The Jensen C-V8 is a four-seater GT car produced by Jensen Motors between 1962 and 1966.

Launched in October 1962,[1] the C-V8 series had fibreglass bodywork with aluminium door skins, as did the preceding 541 series.

All C-V8s used big-block engines sourced from Chrysler; first the 361 and then, from 1964, the 330 bhp (246 kW) 383 in³. Most of the cars had three-speed Chrysler Torqueflite automatic transmission, but seven Mk2 C-V8s were produced with the 6-litre engine and four-speed manual gearbox, followed by two manual Mk3s. The engine is entirely setback behind the front axle line which made the C-V8 one of the first front-mid-engined cars. While the great majority of C-V8s were made in right-hand drive (RHD), ten were made in left-hand drive (LHD).

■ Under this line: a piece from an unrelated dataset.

(* Assume the standing setting described in the context, and suppose that $\{i\in I:C(A_i)=\infty\}=\{\ell\}$ with $\ell\in I^-$ and $A_i\cap A_\ell=\varnothing$ for all $i\ne\ell$. For each compact $K_\ell\subset A_\ell$ let $\boldsymbol A_{K_\ell}=(A^{K_\ell}_i)_{i\in I}$ be the condenser with $A^{K_\ell}_i=A_i$ for $i\ne\ell$ and $A^{K_\ell}_\ell=K_\ell$ (same signs), and let $G_\chi(\boldsymbol A_{K_\ell},\boldsymbol a,g)$ be the infimum of $G_\chi$ over vector measures of finite energy on $\boldsymbol A_{K_\ell}$ with $\int g\,d\mu^i=a_i$ for all $i\in I$ (with $\inf\varnothing=+\infty$). Then $$G_\chi(\boldsymbol A,\boldsymbol a,g)=\lim_{K_\ell\uparrow A_\ell}G_\chi(\boldsymbol A_{K_\ell},\boldsymbol a,g),$$ the limit being taken along the increasing filtering family of all compact subsets of $A_\ell$ ordered by inclusion.
   Context: Standing setting. $\mathrm X$ noncompact locally compact Hausdorff; $\mathfrak M$ real Radon measures, vague topology; $S(\nu)$ support. Kernel $\kappa:\mathrm X\times\mathrm X\to[0,\infty]$ lower semicontinuous, symmetric; $\kappa(\nu,\nu_1)=\int\kappa\,d(\nu\otimes\nu_1)$, $\kappa(x,\nu)=\int\kappa(x,y)d\nu(y)$; $\mathcal E$ = measures with $\kappa(\nu,\nu)$ well defined and finite. Assumed: (a) strictly positive definite ($\|\nu\|=\kappa(\nu,\nu)^{1/2}$ a norm on the pre-Hilbert space $\mathcal E$); (b) consistent: every strong Cauchy net in $\mathcal E^+=\{\nu\in\mathcal E:\nu\ge0\}$ converges strongly to each of its vague cluster points; (c) $\kappa(x,y)$ finite, continuous for $x\ne y$; (d) for each $\varepsilon>0$, compact $K$ there is compact $K'$ with $\kappa(x,y)<\varepsilon$ for $x\in K,y\notin K'$; (e) generalized maximum principle with constant $h\ge1$. $\mathcal E^+_E$: elements of $\mathcal E^+$ concentrated on $E$; interior capacity $C(E)=1/\inf\{\kappa(\nu,\nu):\nu\in\mathcal E^+_E,\nu(E)=1\}$; "n.e." = outside a set of interior capacity zero. Condenser: disjoint countable $I^+,I^-$, $I=I^+\cup I^-$; nonempty closed $A_i$, locally finite, $A_i\cap A_j=\varnothing$ for $i\in I^+,j\in I^-$; $\alpha_i=\pm1$ on $I^\pm$; $A^\pm=\bigcup_{I^\pm}A_i$, $A=\bigcup A_i$; $\sup_{A^+\times A^-}\kappa<\infty$. Vector measures $\boldsymbol\mu=(\mu^i)$, $\mu^i\ge0$ concentrated on $A_i$; $R\boldsymbol\mu=\sum\alpha_i\mu^i$; $\mathcal E^+(\boldsymbol A)$ those of finite energy $\sum_{i,j}\alpha_i\alpha_j\kappa(\mu^i,\mu^j)$. External field: bounded signed $\chi\in\mathcal E$, $S(\chi^+)\cap A^-=\varnothing$, $S(\chi^-)\cap A^+=\varnothing$; $G_\chi(\boldsymbol\mu)=\|R\boldsymbol\mu\|^2+2\kappa(\chi,R\boldsymbol\mu)$. $g$ continuous on $A$, $\inf_Ag>0$, and for each $i$ either $g|_{A_i}$ bounded or $g^{r_i}\le\kappa(\cdot,\nu_i)$ n.e. on $A_i$ for some $r_i>1,\nu_i\in\mathcal E$. $\boldsymbol a=(a_i)$, $a_i>0$, $\sum a_i<\infty$. $G_\chi(\boldsymbol A,\boldsymbol a,g)$ = infimum of $G_\chi$ over $\{\boldsymbol\mu\in\mathcal E^+(\boldsymbol A):\int g\,d\mu^i=a_i\ \forall i\in I\}$, assumed $<\infty$. *)

theory Defs
  imports "HOL-Analysis.Analysis"
begin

The car was one of the fastest production four-seaters of its era. The Mk II, capable of 136 mph (219 km/h), ran a quarter mile (~400 m) in 14.6 seconds, and accelerated from 0–60 mph (97 km/h) in 6.7 seconds.[2] It was also one of the quickest cars to 60 mph in the world being significantly faster than such performance cars of the period as the Lamborghini Miura, Aston Martin DB5 and Jaguar E Type. [3][4][5]

The upgraded Mk II, introduced in October 1963, had Armstrong Selectaride electronically adjustable rear dampers and minor styling changes. Changes on the Mk III, the final version of the series which was introduced in June 1965, included a minor reduction in overall length, deeper windscreen, equal size headlamps without chrome bezels, improved interior ventilation, wood-veneer dashboard, the addition of overriders to the bumpers, and a dual-circuit braking system. 104/2308, the blue car illustrated in this article is a mildly modified Mark Two which left the factory in May, 1965.

The factory made two convertibles: a cabriolet, and a Sedanca that opened only above the front seats. The 1963 Sedanca was featured in an article by Paul Walton in the June 2008 issue of Ruoteclassiche, Italy's leading classic car magazine.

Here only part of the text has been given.